Diário do Alentejo

De Espanha vem bom vento

23 de fevereiro 2024 - 16:00
50 anos de Abril

Texto | Aníbal Fernandes

 

Ao contrário do ditado, de Espanha vinham bons ventos. Na edição de 15 de fevereiro de 1974 noticiava-se que o presidente do governo espanhol, Carlos Arias Navarro, tinha anunciado uma “abertura política dentro do Movimento”, o que era interpretado como “uma tentativa indispensável à continuidade do regime que no país vizinho vigora desde o triunfo da revolução, chefiada por Franco, em 1936”.

No entanto, assinalava-se que tal não significava “qualquer acentuada modificação de ideologia ou de processos, visto que se mantém o ‘partido único’, com todas as suas influentes implicações”, e que a evolução então anunciada assentava, “fundamentalmente, numa lei que permitirá a eleição dos presidentes das câmaras municipais, até agora de nomeação governamental”, o que permitiria “uma certa participação da população do país na vida política”.

O “Diário do Alentejo” não entrava em festejos e assinalava que era preciso mais do que isso para que Espanha pudesse ser vista “como um país virado para a democracia. Longe disso”, escrevia-se.

Aproveitava-se era a ocasião para lembrar que “a designação dos presidentes das câmaras municipais em assembleias eleitorais”, também em Portugal, tem sido defendida “nestas colunas, por se nos afigurar o que tem uma expressão mais verdadeira, o que melhor dignifica o cargo e proporciona ao seu exercício uma independência de acção que consideramos inalienável”.

Por cá, o assunto de que se falava passava – ou ia passar – na RTP. Com o título na capa: “Beja (?) na televisão – realidade escamoteada”, dava-se conta, nas páginas centrais do jornal, de uma reportagem assinada por José Moedas e Sousa Tavares, em que se questionava o que “dois milhões de telespectadores [iriam] ver e ouvir de (sobre) Beja, e seu termo, amanhã à noite, ao bater das dez, quando a voz de Henrique Mendes, de parceria com Glória de Matos, surgir nos écrans da televisão para anunciar e apresentar o [programa] ‘25 milhões de portugueses’”?

No interior os repórteres avisavam: “Leitor: não viva a esperança de ver amanhã à noite entrar em sua casa, via R.T.P., o verdadeiro, o autêntico Alentejo, porque o Alentejo não esteve ‘lá’, aliás, não quiseram que ele estivesse, com objectivos perfeitamente inequívocos. Beja e o seu distrito nada têm que ver com o programa do sr. Mário Dias Ramos – e o grupo de Serpa e a Filarmónica de Moura, presenças agradáveis, não passaram de acidentes-coincidentes num espectáculo que apenas serviu para provar uma vez mais ‘o que faz correr a televisão’”.

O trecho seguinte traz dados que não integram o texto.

definition mns_ordering :: "'a set \<Rightarrow> 'a set set \<Rightarrow> 'a list \<Rightarrow> bool" where
  "mns_ordering V E \<sigma> \<longleftrightarrow> is_ordering V \<sigma> \<and> (\<exists>s\<in>V. \<forall>i k. i \<le> k \<and> k < length \<sigma> \<longrightarrow>
      \<not> (mns_label E \<sigma> s i (\<sigma> ! i) \<subset> mns_label E \<sigma> s i (\<sigma> ! k)))"

definition mcs_ordering :: "'a set \<Rightarrow> 'a set set \<Rightarrow> 'a list \<Rightarrow> bool" where
  "mcs_ordering V E \<sigma> \<longleftrightarrow> is_ordering V \<sigma> \<and> (\<forall>i k. i \<le> k \<and> k < length \<sigma> \<longrightarrow>
      mcs_label E \<sigma> i (\<sigma> ! k) \<le> mcs_label E \<sigma> i (\<sigma> ! i))"

datatype search = MNS | MCS | LDFS | LBFS

fun search_ordering :: "search \<Rightarrow> 'a set \<Rightarrow> 'a set set \<Rightarrow> 'a list \<Rightarrow> bool" where
  "search_ordering MNS = mns_ordering"
| "search_ordering MCS = mcs_ordering"
| "search_ordering LDFS = ldfs_ordering"
| "search_ordering LBFS = lbfs_ordering"

definition ltree :: "'a set set \<Rightarrow> 'a list \<Rightarrow> 'a set set" where
  "ltree E \<sigma> = {{\<sigma> ! i, \<sigma> ! j} | i j. i < length \<sigma> \<and> j < i \<and> adj E (\<sigma> ! j) (\<sigma> ! i) \<and>
      (\<forall>k. j < k \<and> k < i \<longrightarrow> \<not> adj E (\<sigma> ! k) (\<sigma> ! i))}"

end

(*
  Every vertex that MNS, MCS, LDFS or LBFS numbers has an inclusion-maximal set of numbered
  neighbours, so for the forward direction it suffices to study MNS orderings. In an MNS
  ordering of a split graph an independent vertex is only chosen once it sees every numbered
  clique vertex, no earlier independent vertex has an unnumbered neighbour, and its own later
  neighbours form a block of clique vertices directly after it. Consequently the start vertex,
  the clique and the vertices having a child in the L-tree form a path of the L-tree; every
  other vertex is a leaf all of whose spine neighbours precede its parent (a later one would,
  by the block property, give it a child), and counting neighbours yields condition (3).

  Conversely, let the ordering list the path P first and then the leaves, a leaf with the most
  preferred set of path neighbours first. Along P, condition (3) makes every earlier path
  vertex adjacent to a later vertex also adjacent to the next path vertex, so the next path
  vertex always has a maximal label; condition (2) makes the tree neighbour of a leaf its
  rightmost earlier neighbour, so the L-tree is T.
*)

theory Submission
  imports Defs
begin

lemma sorted_wrt_less_nth_less_iff:
  fixes xs :: "'b::linorder list"
  assumes "sorted_wrt (<) xs" "i < length xs" "j < length xs"
  shows "xs ! i < xs ! j \<longleftrightarrow> i < j"
  using assms sorted_wrt_nth_less by (metis linorder_neqE_nat order_less_asym)

lemma set_take_sorted_wrt_less:
  fixes xs :: "'b::linorder list"
  assumes "sorted_wrt (<) xs" "m < length xs"
  shows "set (take m xs) = {x \<in> set xs. x < xs ! m}"
proof (intro equalityI subsetI)
  fix x assume "x \<in> set (take m xs)"
  then obtain q where "q < m" "x = xs ! q"
    using assms(2) by (auto simp: in_set_conv_nth)
  then show "x \<in> {x \<in> set xs. x < xs ! m}"
    using assms sorted_wrt_less_nth_less_iff by fastforce
next
  fix x assume "x \<in> {x \<in> set xs. x < xs ! m}"
  then obtain q where q: "q < length xs" "x = xs ! q" "xs ! q < xs ! m"
    by (auto simp: in_set_conv_nth)
  then have "q < m"
    using assms sorted_wrt_less_nth_less_iff by blast
  then show "x \<in> set (take m xs)"
    using q(1,2) by (auto simp: in_set_conv_nth intro!: exI[of _ q])
qed

lemma sorted_wrt_less_nth_interval:
  fixes xs :: "nat list"
  assumes "sorted_wrt (<) xs" "m < length xs" "{xs ! m<..xs ! m + r} \<subseteq> set xs" "t \<le> r"
  shows "m + t < length xs \<and> xs ! (m + t) = xs ! m + t"
  using assms(4)
proof (induction t)
  case 0
  then show ?case using assms(2) by simp
next
  case (Suc t)
  then have IH: "m + t < length xs" "xs ! (m + t) = xs ! m + t" by auto
  have "xs ! m + Suc t \<in> set xs"
    using assms(3) Suc.prems by auto
  then obtain q where q: "q < length xs" "xs ! q = xs ! m + Suc t"
    by (auto simp: in_set_conv_nth)
  then have "m + t < q"
    using sorted_wrt_less_nth_less_iff[OF assms(1) IH(1) q(1)] IH(2) by simp
  then have len: "m + Suc t < length xs"
    using q(1) by simp
  have "xs ! (m + Suc t) \<le> xs ! q"
    using sorted_wrt_less_nth_less_iff[OF assms(1) q(1) len] \<open>m + t < q\<close> by simp
  moreover have "xs ! (m + t) < xs ! (m + Suc t)"
    using sorted_wrt_less_nth_less_iff[OF assms(1) IH(1) len] by simp
  ultimately show ?case
    using IH(2) q(2) len by simp
qed

lemma set_take_eq_image_nth: "j \<le> length xs \<Longrightarrow> set (take j xs) = (!) xs ` {..<j}"
  by (auto simp: set_conv_nth image_iff) (metis nth_take)

lemma lexord_if_psubset_sorted_desc:
  fixes xs ys :: "'b::linorder list"
  assumes "sorted_wrt (>) xs" "sorted_wrt (>) ys" "set xs \<subset> set ys"
  shows "(xs, ys) \<in> lexord {(a, b). a < b}"
  using assms
proof (induction ys arbitrary: xs)
  case Nil
  then show ?case by simp
next
  case (Cons y ys)
  show ?case
  proof (cases xs)
    case Nil
    then show ?thesis by simp
  next
    case (Cons x xs')
    have "x \<in> set (y # ys)" using Cons.prems(3) \<open>xs = x # xs'\<close> by auto
    show ?thesis
    proof (cases "x = y")
      case False
      then have "x < y" using \<open>x \<in> set (y # ys)\<close> Cons.prems(2) by auto
      then show ?thesis using \<open>xs = x # xs'\<close> by simp
    next
      case True
      have "set xs' \<subset> set ys"
        using Cons.prems True \<open>xs = x # xs'\<close> by auto
      then have "(xs', ys) \<in> lexord {(a, b). a < b}"
        using Cons.IH Cons.prems(1,2) \<open>xs = x # xs'\<close> by simp
      then show ?thesis using True \<open>xs = x # xs'\<close> by simp
    qed
  qed
qed

lemma ex_maximal_element:
  assumes "finite W" "W \<noteq> {}" "irreflp R" "transp R"
  shows "\<exists>m\<in>W. \<forall>y\<in>W. \<not> R m y"
  using assms(1,2)
proof (induction W rule: finite_ne_induct)
  case (singleton x)
  then show ?case using irreflpD[OF assms(3)] by simp
next
  case (insert x F)
  then obtain m where m: "m \<in> F" "\<forall>y\<in>F. \<not> R m y" by blast
  show ?case
  proof (cases "R m x")
    case True
    have "\<not> R x y" if "y \<in> insert x F" for y
    proof
      assume "R x y"
      then have "y \<in> F"
        using that irreflpD[OF assms(3), of x] by auto
      then show False
        using m(2) transpD[OF assms(4) True \<open>R x y\<close>] by blast
    qed
    then show ?thesis by blast
  next
    case False
    then show ?thesis using m by blast
  qed
qed

lemma ex_enumeration_maximal_first:
  assumes "finite W" "irreflp R" "transp R"
  shows "\<exists>ws. distinct ws \<and> set ws = W \<and> sorted_wrt (\<lambda>x y. \<not> R x y) ws"
  using assms(1)
proof (induction W rule: finite_psubset_induct)
  case (psubset W)
  show ?case
  proof (cases "W = {}")
    case True
    then show ?thesis by (intro exI[of _ "[]"]) simp
  next
    case False
    obtain m where m: "m \<in> W" "\<forall>y\<in>W. \<not> R m y"
      using ex_maximal_element[OF psubset.hyps False assms(2,3)] by blast
    then obtain ws where "distinct ws" "set ws = W - {m}" "sorted_wrt (\<lambda>x y. \<not> R x y) ws"
      using psubset.IH[of "W - {m}"] by blast
    then show ?thesis
      using m by (intro exI[of _ "m # ws"]) auto
  qed
qed

lemma adj_commute: "adj E u v \<longleftrightarrow> adj E v u"
  by (simp add: adj_def insert_commute)

lemma graph_adjD:
  assumes "graph V E" "adj E u v"
  shows "u \<in> V" "v \<in> V" "u \<noteq> v"
proof -
  obtain a b where "{u, v} = {a, b}" "a \<noteq> b" "a \<in> V" "b \<in> V"
    using assms by (auto simp: graph_def adj_def)
  then show "u \<in> V" "v \<in> V" "u \<noteq> v" by (auto simp: doubleton_eq_iff)
qed

lemma finite_nbhd:
  assumes "graph V E"
  shows "finite (nbhd E v)"
proof (rule finite_subset)
  show "nbhd E v \<subseteq> V" using graph_adjD(2)[OF assms] by (auto simp: nbhd_def)
  show "finite V" using assms by (simp add: graph_def)
qed
lemma download_split_scheme:
  assumes "finite (set_pmf (Q \<theta>))"
  shows "download (G * t) (split_store t m) (split_query (G * t) t Q) (split_answer t A) \<theta> W
       = (\<Sum>f<G. download t full_store Q A \<theta> (sub_msg m f W))"
proof -
  let ?S = "split_query (G * t) t Q \<theta>"
  let ?len = "\<lambda>f j x. real (length (A j x (sub_msg m f W)))"
  have fin: "finite (set_pmf ?S)"
    using assms by (rule finite_set_split_query)
  have "download (G * t) (split_store t m) (split_query (G * t) t Q) (split_answer t A) \<theta> W
      = measure_pmf.expectation ?S (\<lambda>q. \<Sum>f<G. \<Sum>j<t. ?len f j (q (f * t + j)))"
    unfolding download_def sum_lessThan_mult_blocks
    by (intro Bochner_Integration.integral_cong refl sum.cong)
      (simp add: split_answer_def split_store_def)
  also have "\<dots> = (\<Sum>f<G. \<Sum>j<t. measure_pmf.expectation ?S (\<lambda>q. ?len f j (q (f * t + j))))"
    by (simp add: integrable_measure_pmf_finite[OF fin])
  also have "\<dots> = (\<Sum>f<G. \<Sum>j<t. measure_pmf.expectation (Q \<theta>) (\<lambda>q. ?len f j (q j)))"
  proof (intro sum.cong refl)
    fix f j assume "f \<in> {..<G}" "j \<in> {..<t}"
    then have "map_pmf (\<lambda>q. q (f * t + j)) ?S = map_pmf (\<lambda>q. q j) (Q \<theta>)"
      by (simp add: split_query_component)
    then have "measure_pmf.expectation (map_pmf (\<lambda>q. q (f * t + j)) ?S) (?len f j)
             = measure_pmf.expectation (map_pmf (\<lambda>q. q j) (Q \<theta>)) (?len f j)"
      by (rule arg_cong)
    then show "measure_pmf.expectation ?S (\<lambda>q. ?len f j (q (f * t + j)))
             = measure_pmf.expectation (Q \<theta>) (\<lambda>q. ?len f j (q j))"
      by (simp only: integral_map_pmf)
  qed
  also have "\<dots> = (\<Sum>f<G. download t full_store Q A \<theta> (sub_msg m f W))"
    unfolding download_def full_store_def
    by (simp add: integrable_measure_pmf_finite[OF assms])
  finally show ?thesis .
qed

E continuavam: “Chegou o momento de falarmos mais claro, de dizer à RTP [que] é muito grave e perigoso brincar com o povo, a TV tem uma responsabilidade enorme como meio de comunicação de massas e nada a autoriza, só porque ao serviço de interesses que não são os do povo autêntico, a iludir a boa-fé de alguns (acreditemos nela) para aproveitar a falta de consciencialização de muitos e vir apregoar, com todas as tubas da sua força sedutora e alienante, que peregrina pelo País para divulgar as situações autênticas que nesse contexto se integram”.

Os jornalistas teriam gostado que no programa em causa se tivesse falado de questões ainda hoje atuais: “O problema do êxodo rural? O plano de rega? A situação agrária? O panorama cultural? E os eteceteras que todos nós conhecemos e urgente era analisá-los em profundidade”? Mas disso nada constou.Na edição de 18 de fevereiro, em caixa, na primeira página, dava-se conta que, nos primeiros nove meses de 1973, se tinham vendido, “no Continente e ilhas, 52 826 carros ligeiros de passageiros ou mistos”, sendo que quatro em cada cinco tinham acima de mil de cilindrada.